From: Jeff King <peff@peff.net>
To: Junio C Hamano <gitster@pobox.com>
Cc: Thomas Haller <thom311@gmail.com>, Git List <git@vger.kernel.org>
Subject: [PATCH] log: re-encode commit messages before grepping
Date: Mon, 11 Feb 2013 15:59:58 -0500 [thread overview]
Message-ID: <20130211205958.GA32740@sigill.intra.peff.net> (raw)
In-Reply-To: <7v621ymxfv.fsf@alter.siamese.dyndns.org>
If you run "git log --grep=foo", we will run your regex on
the literal bytes of the commit message. This can provide
confusing results if the commit message is not in the same
encoding as your grep expression (or worse, you have commits
in multiple encodings, in which case your regex would need
to be written to match either encoding). On top of this, we
might also be grepping in the commit's notes, which are
already re-encoded, potentially leading to grepping in a
buffer with mixed encodings concatenated. This is insanity,
but most people never noticed, because their terminal and
their commit encodings all match.
Instead, let's massage the to-be-grepped commit into a
standardized encoding. There is not much point in adding a
flag for "this is the encoding I expect my grep pattern to
match"; the only sane choice is for it to use the log output
encoding. That is presumably what the user's terminal is
using, and it means that the patterns found by the grep will
match the output produced by git.
As a bonus, this fixes a potential segfault in commit_match
when commit->buffer is NULL, as we now build on logmsg_reencode,
which handles reading the commit buffer from disk if
necessary. The segfault can be triggered with:
git commit -m 'text1' --allow-empty
git commit -m 'text2' --allow-empty
git log --graph --no-walk --grep 'text2'
which arguably does not make any sense (--graph inherently
wants a connected history, and by --no-walk the command line
is telling us to show discrete points in history without
connectivity), and we probably should forbid the
combination, but that is a separate issue.

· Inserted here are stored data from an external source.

lemma std_product_word:
  assumes "w1 \<in> {1..n} \<rightarrow>\<^sub>E {..<m}"
  shows "std n (product_type m P Q) (product_word n m P Q w1 w2) = std n P w1 \<circ> std n Q w2"
proof -
  let ?\<sigma> = "std n P w1" and ?\<tau> = "std n Q w2" and ?W = "product_word n m P Q w1 w2"
  have \<sigma>: "?\<sigma> permutes {1..n}" and \<tau>: "?\<tau> permutes {1..n}" by (rule std_permutes)+
  have key: "std_key (product_type m P Q) ?W (?\<sigma> t) < std_key (product_type m P Q) ?W (?\<sigma> t')
      \<longleftrightarrow> std_key Q w2 t < std_key Q w2 t'" if t: "t \<in> {1..n}" "t' \<in> {1..n}" for t t'
  proof -
    have \<sigma>t: "?\<sigma> t \<in> {1..n}" "?\<sigma> t' \<in> {1..n}"
      using t unfolding permutes_in_image[OF \<sigma>] .
    have W: "?W (?\<sigma> u) = pair_code m Q (w2 (inv ?\<sigma> (?\<sigma> u))) (w1 (?\<sigma> u))"
      if "?\<sigma> u \<in> {1..n}" for u
      using that by (simp add: product_word_def)
    have "w1 (?\<sigma> t) < m" "w1 (?\<sigma> t') < m" using assms \<sigma>t by auto
    from std_key_pair_code_less_iff[where X = "\<lambda>i. w2 (inv ?\<sigma> i)" and Y = w1 and W = ?W
        and i = "?\<sigma> t" and j = "?\<sigma> t'" and P = P, OF this W[OF \<sigma>t(1)] W[OF \<sigma>t(2)]]
    have "std_key (product_type m P Q) ?W (?\<sigma> t) < std_key (product_type m P Q) ?W (?\<sigma> t')
        \<longleftrightarrow> w2 t < w2 t' \<or> w2 t = w2 t' \<and> (if Q (w2 t) then t < t' else t' < t)"
      using sorts_less_iff[OF sorts_std[of n P w1] t] sorts_less_iff[OF sorts_std[of n P w1] t(2,1)]
      by (simp add: permutes_inverses(2)[OF \<sigma>])
    also have "\<dots> \<longleftrightarrow> std_key Q w2 t < std_key Q w2 t'"
      by (auto simp: std_key_def less_prod_def')
    finally show ?thesis .
  qed
  have "sorts n (std_key (product_type m P Q) ?W) (?\<sigma> \<circ> ?\<tau>)"
    unfolding sorts_def
  proof (intro conjI ballI)
    show "?\<sigma> \<circ> ?\<tau> permutes {1..n}" using \<tau> \<sigma> by (rule permutes_compose)
    fix s assume s: "s \<in> {1..<n}"
    then have "s \<in> {1..n}" "Suc s \<in> {1..n}" by auto
    then have "?\<tau> s \<in> {1..n}" "?\<tau> (Suc s) \<in> {1..n}" unfolding permutes_in_image[OF \<tau>] .
    moreover have "std_key Q w2 (?\<tau> s) < std_key Q w2 (?\<tau> (Suc s))"
      using sorts_std[of n Q w2] s unfolding sorts_def by blast
    ultimately show "std_key (product_type m P Q) ?W ((?\<sigma> \<circ> ?\<tau>) s) <
        std_key (product_type m P Q) ?W ((?\<sigma> \<circ> ?\<tau>) (Suc s))"
      using key by simp
  qed
  then show ?thesis by (simp add: std_eq_iff)
qed
lemma Hg_eta_add_le: "Hg M eta (Pn (m + n)) \<le> Hg M eta (Pn m) + Hg M eta (Pn n)"
proof -
  let ?f = "\<lambda>(A, B). A \<inter> (T ^^ m) -` B"
  have "Hg M eta (Pn (m + n)) \<le> (\<Sum>C\<in>?f ` (Pn m \<times> Pn n). eta (measure M C))"
    unfolding Hg_def using Pn_add_subset Pn_finite
    by (intro sum_mono2 finite_imageI eta_nonneg) auto
  also have "\<dots> \<le> (\<Sum>p\<in>Pn m \<times> Pn n. eta (measure M (?f p)))"
    using Pn_finite by (intro sum_image_le[unfolded o_def] eta_nonneg) auto
  also have "\<dots> = (\<Sum>A\<in>Pn m. \<Sum>B\<in>Pn n. eta (measure M (A \<inter> (T ^^ m) -` B)))"
    by (simp add: sum.cartesian_product split_beta)
  also have "\<dots> \<le> Hg M eta (Pn m) + Hg M eta (Pn n)"
    unfolding Hg_def using Pn_finite sum_Pn_measure
    by (intro sum_eta_coupling_le sum_measure_Int_vimage_left sum_measure_Int_vimage_right) auto
  finally show ?thesis .
qed

lemma Hg_eta_quotient_convergent: "convergent (\<lambda>n. Hg M eta (Pn n) / real n)"
proof (rule subadditive_quotient_convergent)
  show "Hg M eta (Pn (m + n)) \<le> Hg M eta (Pn m) + Hg M eta (Pn n)" for m n
    by (rule Hg_eta_add_le)
  show "0 \<le> Hg M eta (Pn n)" for n
    by (rule Hg_eta_nonneg)
qed

lemma Hg_Pn_approx:
  assumes "\<forall>x\<in>{0..1}. \<bar>g x - L * eta x\<bar> \<le> e * eta x + K * x"
  shows "\<bar>Hg M g (Pn n) - L * Hg M eta (Pn n)\<bar> \<le> e * Hg M eta (Pn n) + K"
proof -
  have "\<bar>Hg M g (Pn n) - L * Hg M eta (Pn n)\<bar>
      \<le> (\<Sum>A\<in>Pn n. \<bar>g (measure M A) - L * eta (measure M A)\<bar>)"
    unfolding Hg_def by (simp add: sum_distrib_left flip: sum_subtractf)
  also have "\<dots> \<le> (\<Sum>A\<in>Pn n. e * eta (measure M A) + K * measure M A)"
    using assms by (intro sum_mono) auto
  also have "\<dots> = e * Hg M eta (Pn n) + K"
    by (simp add: Hg_def sum.distrib sum_Pn_measure flip: sum_distrib_left)
  finally show ?thesis .
qed

lemma Hg_quotient_tendsto:
  assumes approx: "\<And>e. e > 0 \<Longrightarrow> \<exists>K. \<forall>x\<in>{0..1}. \<bar>g x - L * eta x\<bar> \<le> e * eta x + K * x"
    and l: "(\<lambda>n. Hg M eta (Pn n) / real n) \<longlonglongrightarrow> l"
  shows "(\<lambda>n. Hg M g (Pn n) / real n) \<longlonglongrightarrow> L * l"
proof -
  define D where "D n = Hg M g (Pn n) - L * Hg M eta (Pn n)" for n
  have "(\<lambda>n. D n / real n) \<longlonglongrightarrow> 0"
  proof (rule quotient_tendsto_zero_if_dominated)
    show "\<exists>K. \<forall>n. \<bar>D n\<bar> \<le> e * Hg M eta (Pn n) + K" if "e > 0" for e
      using approx[OF that] Hg_Pn_approx unfolding D_def by blast
    show "Bseq (\<lambda>n. Hg M eta (Pn n) / real n)"
      using l by (rule convergent_imp_Bseq[OF convergentI])
  qed
  then have "(\<lambda>n. L * (Hg M eta (Pn n) / real n) + D n / real n) \<longlonglongrightarrow> L * l + 0"
    by (intro tendsto_add tendsto_mult_left l)
  then show ?thesis by (simp add: D_def diff_divide_distrib)
qed

end

theorem mainTheorem6:
  fixes M :: "'a measure" and T :: "'a \<Rightarrow> 'a" and g :: "real \<Rightarrow> real"
    and P :: "'a set set"
  assumes "prob_space M"
    and "measure_preserving_map M T"
    and "g \<in> G0_zero \<union> G0_sh"
    and "finite_meas_partition M P"
  shows "(\<lambda>n. ereal (Hg M g (iter_join M T P n) / real n)) \<longlonglongrightarrow> hg M T g P"
proof -
  interpret mpt_partition M T P
    using assms by (simp add: mpt_partition_def mpt_partition_axioms_def)
  obtain L where L: "0 \<le> L" "((\<lambda>x. g x / eta x) \<longlongrightarrow> L) (at_right 0)"
    and conc: "concave_on {0..1} g" and g0: "g 0 = 0"
    using assms(3) unfolding G0_zero_def G0_sh_def G0_def by (auto intro: less_imp_le)
  obtain l where l: "(\<lambda>n. Hg M eta (Pn n) / real n) \<longlonglongrightarrow> l"
    using Hg_eta_quotient_convergent by (auto simp: convergent_def)
  have "(\<lambda>n. Hg M g (Pn n) / real n) \<longlonglongrightarrow> L * l"
    using concave_eta_ratio_approx[OF conc g0 L] l by (rule Hg_quotient_tendsto)
  then have lim: "(\<lambda>n. ereal (Hg M g (Pn n) / real n)) \<longlonglongrightarrow> ereal (L * l)"
    by (rule tendsto_ereal)
  moreover have "hg M T g P = ereal (L * l)"
    unfolding hg_def by (rule lim_imp_Limsup[OF trivial_limit_sequentially lim])
  ultimately show ?thesis by simp
qed

end
text \<open>The \<open>x\<close>-derivative \<open>2\<sigma>\<^sub>k g\<^sub>j\<^sub>r\<close> and the connection term
  \<open>4\<sigma>\<^sub>k p\<^sub>k \<partial>g\<^sub>j\<^sub>r/\<partial>p\<^sub>k = 4\<sigma>\<^sub>k g\<^sub>j\<^sub>r(\<delta>\<^sub>j\<^sub>k + \<delta>\<^sub>r\<^sub>k - 1/2)\<close> cancel except for the \<open>\<delta>\<close>-part.\<close>

lemma delta_x_g_dn_Hstar:
  assumes "p_prod p > 0" "\<forall>t. h t > 0" "\<sigma> differentiable (at x)"
  shows "delta_x \<sigma> k (\<lambda>t' x' p'. g_dn h (Hstar \<sigma> h) t' x' p' $ j $ r) t x p
       = 4 * pdiff k \<sigma> x * Hstar_g_dn \<sigma> x p $ j $ r * (kdelta j k + kdelta r k)"
  unfolding delta_x_def d_x_g_dn_Hstar[OF assms] d_p_g_dn_Hstar[OF assms(1,2)]
  using p_prod_pos_nonzero[OF assms(1), of k] by (simp add: field_simps)

lemma delta_t_g_dn_Hstar:
  assumes "p_prod p > 0" "\<forall>t. h t > 0"
  shows "delta_t h (\<lambda>t' x' p'. g_dn h (Hstar \<sigma> h) t' x' p' $ l $ j) t x p = 0"
proof -
  have "(\<Sum>r\<in>UNIV. p$r * (Hstar_g_dn \<sigma> x p $ l $ j * (kdelta l r + kdelta j r - 1/2) / p$r))
      = Hstar_g_dn \<sigma> x p $ l $ j * (\<Sum>r\<in>UNIV. kdelta l r + kdelta j r - 1/2)"
    unfolding sum_distrib_left using p_prod_pos_nonzero[OF assms(1)]
    by (intro sum.cong) auto
  also have "\<dots> = 0"
    using exhaust_4[of l] exhaust_4[of j] by (auto simp: sum_4 kdelta_def)
  finally show ?thesis
    unfolding delta_t_def d_t_g_dn_Hstar[OF assms] d_p_g_dn_Hstar[OF assms] by simp
qed

lemma cartan_A_Hstar:
  assumes "p_prod p > 0" "\<forall>t. h t > 0"
  shows "cartan_A \<sigma> h (Hstar \<sigma> h) i j t x p = 0"
  by (simp add: cartan_A_def delta_t_g_dn_Hstar[OF assms])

Signed-off-by: Jeff King <peff@peff.net>
---
A few notes:
1. I suppose we could also use $LANG or one of the $LC_* variables to
guess at the encoding of the user's pattern. But I think using the
output encoding makes the most sense, since then the pattern you
searched for will actually be in the output.
2. There are still problems with utf8 normalization. E.g., my tests
represent utf-8 é with \xc3\xa9 (the code point for that glyph),
but it could also be represented by \x65\xcc\x81 (e + combining
acute). But that is not a new problem; it is an inherent issue with
grepping utf8. We might in the future want to offer an option to
normalize utf8 (or possibly the regex library can be taught to
handle this).
3. If the commit does need to be re-encoded, we end up doing so here,
and then potentially again if we actually show the commit. So
there may be some room to optimize that by stashing the re-encoded
version somewhere (or it may not make a big difference, I haven't
measured).
4. I'm still not clear on why "--graph --no-walk" wants to look at
commit_match after we have already cleared the commit buffer. I
agree it's nonsensical, but I wonder if it might be a symptom of an
underlying bug or inefficiency.
revision.c | 27 ++++++++++++++++++-------
t/t4210-log-i18n.sh | 58 +++++++++++++++++++++++++++++++++++++++++++++++++++++
2 files changed, 78 insertions(+), 7 deletions(-)
create mode 100755 t/t4210-log-i18n.sh
diff --git a/revision.c b/revision.c
index d7562ee..ef60205 100644
--- a/revision.c
+++ b/revision.c
@@ -2268,7 +2268,10 @@ static int commit_match(struct commit *commit, struct rev_info *opt)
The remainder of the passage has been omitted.